If I say to anybody about her sleeping, a lot will suggest to stop breastfeeding but I don't want to. I fought to feed Tabitha and I'm just not ready. I know I would regret it instantly if I tried to wean her off. Surprisingly she has a dummy, I know that's not always the norm for breastfed babies, and although it will give her comfort im the day, she spits it out and refuses it at night and wanting only comfort from me.
We have tried maybe different routines as night, including bath time with lavender wash and lotion, massages, black out blinds, ewan the sheep, slumber buddy, stories, white noise, mummy putting her to sleep, daddy putting her to sleep, and thus far none have been successful. I have decided that crying it out and controlled crying are things I will not try, I just don't feel comfortable hearing my daughter cry for me.

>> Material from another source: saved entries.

lemma flat_mult_mat_of_cols_in_poly_module_span:
  assumes bs: "set bs \<subseteq> carrier_vec (n*(d+1))"
  shows "flat n d (mat_of_cols (n*(d+1)) bs *\<^sub>v vec (length bs) c) \<in> poly_module_span n (map (flat n d) bs)"
proof -
  have "flat n d (mat_of_cols (n*(d+1)) bs *\<^sub>v vec (length bs) c) $ r
      = (\<Sum>m<length bs. [:c m:] * flat n d (bs ! m) $ r)" if r: "r < n" for r
  proof -
    have "flat n d (mat_of_cols (n*(d+1)) bs *\<^sub>v vec (length bs) c) $ r
        = (\<Sum>i\<le>d. monom (\<Sum>m<length bs. c m * bs ! m $ (i*n + r)) i)"
      using r block_index_less[OF _ r]
      by (auto simp: flat_def mat_of_cols_def scalar_prod_def lessThan_atLeast0 mult.commute intro!: sum.cong)
    also have "\<dots> = (\<Sum>m<length bs. [:c m:] * (\<Sum>i\<le>d. monom (bs ! m $ (i*n + r)) i))"
      by (simp add: monom_sum smult_monom sum_distrib_left sum.swap[of _ "{..d}"])
    also have "\<dots> = (\<Sum>m<length bs. [:c m:] * flat n d (bs ! m) $ r)"
      using r by (simp add: flat_def)
    finally show ?thesis .
  qed
  then have "flat n d (mat_of_cols (n*(d+1)) bs *\<^sub>v vec (length bs) c)
      = vec n (\<lambda>r. \<Sum>m<length (map (flat n d) bs). [:c m:] * map (flat n d) bs ! m $ r)"
    by (intro eq_vecI) (simp_all add: flat_def)
  then show ?thesis
    unfolding poly_module_span_def by (intro CollectI exI)
qed

lemma (in kernel) basis_coordinates:
  assumes "basis (set bs)" and "v \<in> mat_kernel A"
  obtains c where "v = mat_of_cols nc bs *\<^sub>v vec (length bs) c"
proof -
  have bs: "set bs \<subseteq> mat_kernel A" and span: "span (set bs) = mat_kernel A"
    using assms(1) unfolding Ker.basis_def by auto
  then have "set bs \<subseteq> carrier_vec nc"
    using mat_kernel_carrier[OF A] by blast
  then have "mat_kernel A = NC.span_list bs"
    using span span_same[OF bs] NC.span_list_as_span by simp
  then obtain c where "v = NC.lincomb_list c bs"
    using assms(2) unfolding NC.span_list_def by auto
  also have "\<dots> = mat_of_cols nc bs *\<^sub>v vec (length bs) c"
    using \<open>set bs \<subseteq> carrier_vec nc\<close> by (intro NC.lincomb_list_as_mat_mult) auto
  finally show thesis
    using that by blast
qed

At the minute we are trying a new routine and getting her to sleep is taking less time but she's still waking herself up crying.
New routine:
• Bath
• Massage with lavender lotion
• Pjs on
• I feed her on the sofa
• Jamie takes her upstairs
• Brush teeth
• Cuddles and put into her cot
• Story
• Slumber buddy elephant plays nursery rhyme and red glow
• Jamie holds her hand to sleep.
So far getting her to sleep is much improved, it is taking maybe 20 minutes, compared to my 3 hours. However, she cries in her sleep within an hour and wakes herself up. If I run upstairs she will settle back on the dummy and me holding her tummy. She is such a light sleeper, and I'm not sure we can combat that, but anything to stop her waking up like 20 times a night and refusing to go back to sleep would be good. The biggest struggle is between 12am and 1am she'll wake up to feed but then will not settle. She'll stay on me and I will keep her in bed with us but she constantly wakes herself up if she evens just slips slightly off of me, this is when she'll refuse water or dummy and even will get stressed on the boob. I would, and do, willingly co-sleep but she's still so unsettled and wakes up constantly that I'm not sure it's necessarily what she wants.
I'm going to take the new routine as a win, we just need to figure out how to get her to sleep for longer periods.
Do you have any suggestions of a night time routine or things to help them sleep? I'd love to hear!